PROVIDED INFORMATION →
(* Let $r \geq 0$ and $k \geq 2$ be integers. Then the treewidth of the primal graph of the CNF $F_{r,k}$ is at most $2k-1$.
   Context: For a graph $G$, the CNF $CNF(G)$ has a variable $X_u$ for each vertex $u \in V(G)$ and a variable $X_{u,v}=X_{v,u}$ for each edge $\{u,v\} \in E(G)$; its clauses are $(X_u \vee X_{u,v} \vee X_v)$, one for each edge $\{u,v\} \in E(G)$. Let $T_r$ be the complete binary tree of height $r$ (it has $2^{r+1}-1$ nodes). $CT_{r,k}$ is the graph obtained from $T_r$ by replacing each node by a clique on $k$ vertices and, for every edge $\{a,b\}$ of $T_r$, making every vertex of the clique of $a$ adjacent to every vertex of the clique of $b$. $F_{r,k}=CNF(CT_{r,k})$. The primal graph of a CNF has the variables as vertices, two being adjacent iff they occur together in some clause. *)

theory Defs
  imports Main
begin

type_synonym 'a graph = "'a set \<times> 'a set set"

definition verts :: "'a graph \<Rightarrow> 'a set" where "verts G = fst G"
definition edges :: "'a graph \<Rightarrow> 'a set set" where "edges G = snd G"

definition simple_graph :: "'a graph \<Rightarrow> bool" where
  "simple_graph G \<longleftrightarrow> finite (verts G) \<and>
     (\<forall>e\<in>edges G. e \<subseteq> verts G \<and> card e = 2)"

definition connected_in :: "'a graph \<Rightarrow> 'a set \<Rightarrow> bool" where
  "connected_in G S \<longleftrightarrow>
     (\<forall>x\<in>S. \<forall>y\<in>S. (x, y) \<in> {(a, b). {a, b} \<in> edges G \<and> a \<in> S \<and> b \<in> S}\<^sup>*)"

definition is_tree :: "'a graph \<Rightarrow> bool" where
  "is_tree T \<longleftrightarrow> simple_graph T \<and> verts T \<noteq> {} \<and>
     connected_in T (verts T) \<and> card (edges T) = card (verts T) - 1"

definition tree_decomposition :: "'a graph \<Rightarrow> nat graph \<Rightarrow> (nat \<Rightarrow> 'a set) \<Rightarrow> bool" where
  "tree_decomposition G T B \<longleftrightarrow> is_tree T \<and>
     (\<forall>t\<in>verts T. B t \<subseteq> verts G) \<and>
     (\<forall>v\<in>verts G. \<exists>t\<in>verts T. v \<in> B t) \<and>
     (\<forall>e\<in>edges G. \<exists>t\<in>verts T. e \<subseteq> B t) \<and>
     (\<forall>v\<in>verts G. connected_in T {t\<in>verts T. v \<in> B t})"

definition decomposition_width :: "nat graph \<Rightarrow> (nat \<Rightarrow> 'a set) \<Rightarrow> nat" where
  "decomposition_width T B = Max ((\<lambda>t. card (B t)) ` verts T) - 1"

PROBLEM TO WORK ON →
Read the entries and pick out all lines that include the word "edges".

REPLY TO THE TASK →
definition edges :: "'a graph \<Rightarrow> 'a set set" where "edges G = snd G"
     (\<forall>e\<in>edges G. e \<subseteq> verts G \<and> card e = 2)"
     (\<forall>x\<in>S. \<forall>y\<in>S. (x, y) \<in> {(a, b). {a, b} \<in> edges G \<and> a \<in> S \<and> b \<in> S}\<^sup>*)"
     connected_in T (verts T) \<and> card (edges T) = card (verts T) - 1"
     (\<forall>e\<in>edges G. \<exists>t\<in>verts T. e \<subseteq> B t) \<and>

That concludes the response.